Chromium Single Cell Immune Profiling
Cell Ranger3.0, printed on 09/21/2023
Cell Calling Algorithm
Even though we see many putative cell barcodes in the data, only a fraction of them correspond to droplets that truly contained a cell. The remaining droplets generate background reads. The goal of this algorithm is to select the barcodes corresponding to droplets that contained cells.
Cell calling is performed independently of V(D)J read filtering and assembly.
- Take all UMIs with Read Pairs per UMI (RPU) > 1.
- Compute the N50 RPU per barcode. The N50 statistic is an estimate of centrality that is robust to contamination by large numbers of low-value elements.
- Among the highest-read-pair barcodes that comprise 50% of the read pairs, compute the 99th percentile (P99) of the N50 RPU. Remove barcodes whose RPU exceeds this P99.

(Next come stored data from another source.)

(* The system $(X,\hat T)$ has zero topological entropy.
   Context: Let $\tau:\mathbb N\to(0,\infty)$ be non-increasing with $\tau(n)\to0$. Fix integers $2\le q_1<q_2<\cdots$ such that for every $k\ge1$: (i) $q_{k+1}>q_k^4+3q_k$; (ii) $\tau(\lceil q_{k+1}/3\rceil)<\frac1{16q_k}$. For $k\ge1$ put $q^{(0)}_k=q_{2k}$, $q^{(1)}_k=q_{2k+1}$, $q^{(2)}_k=q^{(0)}_k-1$, $q^{(3)}_k=q^{(1)}_k-1$, and $L^{(i)}_k=\lfloor q^{(i)}_{k+1}/(3q^{(i)}_k)\rfloor$. Let $s^{(i)}_k\in\{-1,0,1\}^{\mathbb N}$ (indices $n\ge1$) be given by $s^{(i)}_k(n)=1$ if $n=jq^{(i)}_k$ with $1\le j\le L^{(i)}_k$, $s^{(i)}_k(n)=-1$ if $n=jq^{(i)}_k$ with $L^{(i)}_k<j\le2L^{(i)}_k$, and $s^{(i)}_k(n)=0$ otherwise. For $w\in\{-1,0,1\}^{\mathbb N}$ and $p\in\mathbb N_0$ let $\sigma^{-p}w$ be defined by $(\sigma^{-p}w)(n)=0$ for $1\le n\le p$ and $(\sigma^{-p}w)(n)=w(n-p)$ for $n>p$. For $l\le m$ write $w|_l^m=(w_l,\dots,w_m)$. Let $R^{(i)}_k=\{(\sigma^{-p}s^{(i)}_k)|_{q^{(i)}_k}^{q^{(i)}_{k+1}-1}:p=0,1,\dots,q^{(i)}_k\}$ and $P^{(i)}=\{y\in\{-1,0,1\}^{\mathbb N}: y(n)=0\text{ for }1\le n<q^{(i)}_1,\ y|_{q^{(i)}_k}^{q^{(i)}_{k+1}-1}\in R^{(i)}_k\text{ for all }k\ge1\}$. Let $Z=\{-1,0,1\}^{\mathbb N}\times\{-1,0,1\}^{\mathbb Z}$, where each factor carries the metric $d(u,v)=3^{-\min\{|m|:u_m\neq v_m\}}$ and $Z$ the maximum of the two. $\sigma$ is the left shift $(\sigma u)_m=u_{m+1}$ (invertible on $\{-1,0,1\}^{\mathbb Z}$). Define $T:Z\to Z$, $T(y,z)=(\sigma y,\sigma^{y_1}z)$, and $X_i=\overline{\bigcup_{n\ge0}T^n(P^{(i)}\times\{-1,0,1\}^{\mathbb Z})}$ for $i\in\{0,1,2,3\}$. Let $X=X_0\times X_1\times X_2\times X_3\times\{0,1,2,3\}$ with $\hat T(p^{(0)},p^{(1)},p^{(2)},p^{(3)},i)=(Tp^{(0)},Tp^{(1)},Tp^{(2)},Tp^{(3)},i)$. *)

theory Defs
  imports "HOL-Analysis.Analysis"
begin

definition separated_set ::
  "('a \<Rightarrow> 'a \<Rightarrow> real) \<Rightarrow> ('a \<Rightarrow> 'a) \<Rightarrow> 'a set \<Rightarrow> nat \<Rightarrow> real \<Rightarrow> 'a set \<Rightarrow> bool" where
  "separated_set d f K n \<epsilon> S \<longleftrightarrow> S \<subseteq> K \<and> finite S \<and>
     (\<forall>x\<in>S. \<forall>y\<in>S. x \<noteq> y \<longrightarrow> (\<exists>i<n. \<epsilon> < d ((f ^^ i) x) ((f ^^ i) y)))"

definition max_sep ::
  "('a \<Rightarrow> 'a \<Rightarrow> real) \<Rightarrow> ('a \<Rightarrow> 'a) \<Rightarrow> 'a set \<Rightarrow> nat \<Rightarrow> real \<Rightarrow> nat" where
  "max_sep d f K n \<epsilon> = Sup {card S | S. separated_set d f K n \<epsilon> S}"

definition topological_entropy ::
  "('a \<Rightarrow> 'a \<Rightarrow> real) \<Rightarrow> ('a \<Rightarrow> 'a) \<Rightarrow> 'a set \<Rightarrow> ereal" where
  "topological_entropy d f K =
     (SUP \<epsilon>\<in>{0<..}. limsup (\<lambda>n. ereal (ln (real (max_sep d f K n \<epsilon>)) / real n)))"

text \<open>One-sided sequences indexed by n \<ge> 1 are functions nat \<Rightarrow> int with the
  convention y 0 = 0; two-sided sequences are functions int \<Rightarrow> int.\<close>

definition trits1 :: "(nat \<Rightarrow> int) set" where
  "trits1 = {y. y 0 = 0 \<and> (\<forall>n. y n \<in> {-1, 0, 1})}"

definition trits2 :: "(int \<Rightarrow> int) set" where
  "trits2 = {z. \<forall>m. z m \<in> {-1, 0, 1}}"

definition d1 :: "(nat \<Rightarrow> int) \<Rightarrow> (nat \<Rightarrow> int) \<Rightarrow> real" where
  "d1 u v = (if u = v then 0 else (1/3) ^ (LEAST m. u m \<noteq> v m))"

definition d2 :: "(int \<Rightarrow> int) \<Rightarrow> (int \<Rightarrow> int) \<Rightarrow> real" where
  "d2 u v = (if u = v then 0 else (1/3) ^ (LEAST k::nat. \<exists>m. \<bar>m\<bar> = int k \<and> u m \<noteq> v m))"

type_synonym zpt = "(nat \<Rightarrow> int) \<times> (int \<Rightarrow> int)"

definition Zsp :: "zpt set" where
  "Zsp = trits1 \<times> trits2"

definition dZ :: "zpt \<Rightarrow> zpt \<Rightarrow> real" where
  "dZ a b = max (d1 (fst a) (fst b)) (d2 (snd a) (snd b))"

definition shl1 :: "(nat \<Rightarrow> int) \<Rightarrow> (nat \<Rightarrow> int)" where
  "shl1 y = (\<lambda>n. if n = 0 then 0 else y (n + 1))"

definition shl2 :: "int \<Rightarrow> (int \<Rightarrow> int) \<Rightarrow> (int \<Rightarrow> int)" where
  "shl2 j z = (\<lambda>m. z (m + j))"

definition Tmap :: "zpt \<Rightarrow> zpt" where
  "Tmap p = (shl1 (fst p), shl2 (fst p 1) (snd p))"

definition closureZ :: "zpt set \<Rightarrow> zpt set" where
  "closureZ A = {x \<in> Zsp. \<forall>e>0. \<exists>a\<in>A. dZ x a < e}"

definition qq :: "(nat \<Rightarrow> nat) \<Rightarrow> nat \<Rightarrow> nat \<Rightarrow> nat" where
  "qq q i k = (if i = 0 then q (2*k) else if i = 1 then q (2*k+1)
               else if i = 2 then q (2*k) - 1 else q (2*k+1) - 1)"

- Fit a 2-component Gaussian mixture model (GMM) to the log(N50 RPU per barcode).
- Let the barcode with the smallest RPU in the higher-mean component be the RPU threshold.
- Take all UMIs that exceed the RPU threshold.
- Fit a 2-component Gaussian mixture model to the log(Filtered UMIs per barcode).
- Call as cells the barcodes with posterior probability > 0.5 of belonging to the higher-mean component.
- Report as "Cell Count Confidence" the fraction of barcodes in the higher-mean component with posterior probability > 0.99. This indicates the quality of the separation between background and cell-associated barcodes.